→ What you need to do: Look for "False" in every line of the listing. Copy the lines that have it.

/---

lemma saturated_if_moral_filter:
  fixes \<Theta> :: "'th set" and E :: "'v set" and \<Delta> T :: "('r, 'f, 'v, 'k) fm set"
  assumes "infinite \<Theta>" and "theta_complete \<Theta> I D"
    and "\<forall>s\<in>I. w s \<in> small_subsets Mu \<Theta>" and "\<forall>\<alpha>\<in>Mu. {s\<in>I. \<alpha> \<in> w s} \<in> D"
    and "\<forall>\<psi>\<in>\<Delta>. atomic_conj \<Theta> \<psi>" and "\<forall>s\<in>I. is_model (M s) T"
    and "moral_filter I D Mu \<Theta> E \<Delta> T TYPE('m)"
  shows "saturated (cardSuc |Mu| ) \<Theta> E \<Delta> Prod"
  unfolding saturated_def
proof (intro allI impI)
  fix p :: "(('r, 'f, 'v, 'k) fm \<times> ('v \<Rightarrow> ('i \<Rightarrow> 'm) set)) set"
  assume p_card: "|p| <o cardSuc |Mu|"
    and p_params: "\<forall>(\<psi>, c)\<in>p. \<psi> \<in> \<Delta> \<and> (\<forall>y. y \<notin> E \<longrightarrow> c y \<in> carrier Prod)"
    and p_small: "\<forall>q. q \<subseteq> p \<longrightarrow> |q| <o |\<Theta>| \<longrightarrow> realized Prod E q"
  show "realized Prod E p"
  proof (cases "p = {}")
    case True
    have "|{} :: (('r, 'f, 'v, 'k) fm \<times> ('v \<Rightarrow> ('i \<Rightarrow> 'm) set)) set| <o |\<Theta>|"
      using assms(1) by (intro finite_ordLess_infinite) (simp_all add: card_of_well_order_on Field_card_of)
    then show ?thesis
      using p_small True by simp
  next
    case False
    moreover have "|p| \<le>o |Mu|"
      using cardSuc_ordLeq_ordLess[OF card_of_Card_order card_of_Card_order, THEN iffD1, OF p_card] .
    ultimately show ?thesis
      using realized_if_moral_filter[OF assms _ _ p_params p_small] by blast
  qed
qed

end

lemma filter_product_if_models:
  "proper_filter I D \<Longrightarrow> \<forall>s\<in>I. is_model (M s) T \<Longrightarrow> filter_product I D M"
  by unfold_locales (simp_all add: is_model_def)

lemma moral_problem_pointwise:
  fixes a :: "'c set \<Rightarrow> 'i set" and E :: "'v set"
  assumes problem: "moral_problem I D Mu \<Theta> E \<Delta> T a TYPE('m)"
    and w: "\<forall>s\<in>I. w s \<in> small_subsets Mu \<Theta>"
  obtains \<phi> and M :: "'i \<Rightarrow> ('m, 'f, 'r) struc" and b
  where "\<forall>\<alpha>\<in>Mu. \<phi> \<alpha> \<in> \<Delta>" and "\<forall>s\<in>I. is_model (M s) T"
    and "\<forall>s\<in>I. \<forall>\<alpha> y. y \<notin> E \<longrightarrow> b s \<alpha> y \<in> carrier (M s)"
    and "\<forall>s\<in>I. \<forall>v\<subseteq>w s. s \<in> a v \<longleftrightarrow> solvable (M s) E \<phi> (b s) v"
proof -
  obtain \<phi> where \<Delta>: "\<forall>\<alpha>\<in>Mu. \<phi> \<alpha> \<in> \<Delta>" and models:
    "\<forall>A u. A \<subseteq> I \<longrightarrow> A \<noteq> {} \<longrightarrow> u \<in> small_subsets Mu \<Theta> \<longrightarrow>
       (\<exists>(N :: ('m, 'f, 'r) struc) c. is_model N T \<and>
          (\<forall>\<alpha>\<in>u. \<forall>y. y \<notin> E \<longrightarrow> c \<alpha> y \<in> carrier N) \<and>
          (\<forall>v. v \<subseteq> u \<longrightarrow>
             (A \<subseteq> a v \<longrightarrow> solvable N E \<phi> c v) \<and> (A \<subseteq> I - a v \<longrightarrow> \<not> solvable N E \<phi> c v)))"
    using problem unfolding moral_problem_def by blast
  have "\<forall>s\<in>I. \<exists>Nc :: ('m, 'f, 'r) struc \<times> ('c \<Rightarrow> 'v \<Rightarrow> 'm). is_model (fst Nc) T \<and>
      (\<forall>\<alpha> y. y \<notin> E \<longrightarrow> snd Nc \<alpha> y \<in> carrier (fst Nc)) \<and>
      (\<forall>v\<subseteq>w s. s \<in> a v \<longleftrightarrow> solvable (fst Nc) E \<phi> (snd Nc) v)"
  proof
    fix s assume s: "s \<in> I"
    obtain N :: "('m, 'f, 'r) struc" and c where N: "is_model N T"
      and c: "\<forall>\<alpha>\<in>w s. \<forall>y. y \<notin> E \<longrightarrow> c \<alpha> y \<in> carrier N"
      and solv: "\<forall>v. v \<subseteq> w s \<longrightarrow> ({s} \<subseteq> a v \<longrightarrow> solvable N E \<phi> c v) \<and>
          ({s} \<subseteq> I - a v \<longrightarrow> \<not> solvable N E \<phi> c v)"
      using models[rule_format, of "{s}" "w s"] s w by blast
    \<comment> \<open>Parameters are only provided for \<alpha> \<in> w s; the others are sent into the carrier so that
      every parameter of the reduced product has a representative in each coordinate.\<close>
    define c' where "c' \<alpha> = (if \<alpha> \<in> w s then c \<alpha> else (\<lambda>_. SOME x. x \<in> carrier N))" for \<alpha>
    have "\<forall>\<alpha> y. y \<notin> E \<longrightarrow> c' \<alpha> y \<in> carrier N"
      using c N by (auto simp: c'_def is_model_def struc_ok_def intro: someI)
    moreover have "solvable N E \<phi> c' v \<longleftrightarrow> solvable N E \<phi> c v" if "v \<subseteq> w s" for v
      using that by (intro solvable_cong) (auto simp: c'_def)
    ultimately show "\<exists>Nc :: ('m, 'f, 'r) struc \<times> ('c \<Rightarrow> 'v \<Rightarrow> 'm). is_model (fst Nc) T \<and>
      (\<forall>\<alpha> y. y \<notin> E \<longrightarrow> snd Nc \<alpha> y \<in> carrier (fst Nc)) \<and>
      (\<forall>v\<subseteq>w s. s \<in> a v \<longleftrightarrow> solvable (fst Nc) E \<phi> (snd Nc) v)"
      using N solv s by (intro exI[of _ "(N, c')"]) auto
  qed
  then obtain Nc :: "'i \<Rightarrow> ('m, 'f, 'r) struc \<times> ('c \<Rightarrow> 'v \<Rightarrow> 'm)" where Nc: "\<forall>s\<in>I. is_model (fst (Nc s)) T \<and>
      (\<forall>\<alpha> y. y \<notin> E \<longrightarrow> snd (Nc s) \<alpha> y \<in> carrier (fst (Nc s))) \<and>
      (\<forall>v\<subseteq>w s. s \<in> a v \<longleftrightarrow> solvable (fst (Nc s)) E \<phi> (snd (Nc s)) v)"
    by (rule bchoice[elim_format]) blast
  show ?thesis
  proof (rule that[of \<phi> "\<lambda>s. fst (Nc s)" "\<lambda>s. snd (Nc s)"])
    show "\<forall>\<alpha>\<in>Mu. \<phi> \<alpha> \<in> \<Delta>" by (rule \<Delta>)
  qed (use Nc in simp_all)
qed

\---
/---

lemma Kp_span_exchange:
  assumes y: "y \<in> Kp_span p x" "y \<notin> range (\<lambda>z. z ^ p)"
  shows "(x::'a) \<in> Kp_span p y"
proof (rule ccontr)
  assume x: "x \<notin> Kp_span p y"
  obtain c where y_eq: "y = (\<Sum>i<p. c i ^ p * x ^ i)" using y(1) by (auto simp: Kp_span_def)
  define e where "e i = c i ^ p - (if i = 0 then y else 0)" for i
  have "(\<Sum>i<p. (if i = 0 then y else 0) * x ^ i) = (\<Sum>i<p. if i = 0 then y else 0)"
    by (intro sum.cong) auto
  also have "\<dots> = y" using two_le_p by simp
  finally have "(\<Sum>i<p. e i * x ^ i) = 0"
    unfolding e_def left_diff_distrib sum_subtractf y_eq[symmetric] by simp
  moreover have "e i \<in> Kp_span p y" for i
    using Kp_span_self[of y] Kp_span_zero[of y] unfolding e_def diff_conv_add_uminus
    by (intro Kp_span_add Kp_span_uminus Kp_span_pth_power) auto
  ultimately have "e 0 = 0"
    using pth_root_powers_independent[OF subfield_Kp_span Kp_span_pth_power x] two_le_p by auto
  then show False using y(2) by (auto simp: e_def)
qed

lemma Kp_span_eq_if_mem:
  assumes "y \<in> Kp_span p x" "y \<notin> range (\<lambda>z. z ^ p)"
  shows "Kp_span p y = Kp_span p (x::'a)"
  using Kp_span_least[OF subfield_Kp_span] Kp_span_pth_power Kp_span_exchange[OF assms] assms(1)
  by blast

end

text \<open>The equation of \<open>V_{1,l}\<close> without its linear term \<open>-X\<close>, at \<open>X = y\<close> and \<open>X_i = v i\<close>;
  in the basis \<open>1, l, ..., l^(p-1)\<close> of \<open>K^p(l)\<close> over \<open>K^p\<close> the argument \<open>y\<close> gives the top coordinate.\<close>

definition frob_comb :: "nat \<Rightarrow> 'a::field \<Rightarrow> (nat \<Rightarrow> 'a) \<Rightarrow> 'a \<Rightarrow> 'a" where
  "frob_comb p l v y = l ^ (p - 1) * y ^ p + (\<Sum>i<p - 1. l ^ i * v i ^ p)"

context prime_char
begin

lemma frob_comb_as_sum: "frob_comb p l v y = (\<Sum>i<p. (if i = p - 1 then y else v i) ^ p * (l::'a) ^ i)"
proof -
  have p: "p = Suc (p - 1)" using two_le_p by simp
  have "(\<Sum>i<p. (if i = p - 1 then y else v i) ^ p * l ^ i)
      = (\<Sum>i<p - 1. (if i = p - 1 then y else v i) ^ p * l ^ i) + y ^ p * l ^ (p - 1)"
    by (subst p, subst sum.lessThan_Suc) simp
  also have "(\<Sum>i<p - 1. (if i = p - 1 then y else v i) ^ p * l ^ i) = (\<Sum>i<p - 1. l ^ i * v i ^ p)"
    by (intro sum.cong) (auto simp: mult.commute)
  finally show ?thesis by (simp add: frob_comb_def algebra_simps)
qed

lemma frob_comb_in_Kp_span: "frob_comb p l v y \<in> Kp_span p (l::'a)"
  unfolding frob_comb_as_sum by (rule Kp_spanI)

\---

→ Solution to the problem:
    case False
  then show False using y(2) by (auto simp: e_def)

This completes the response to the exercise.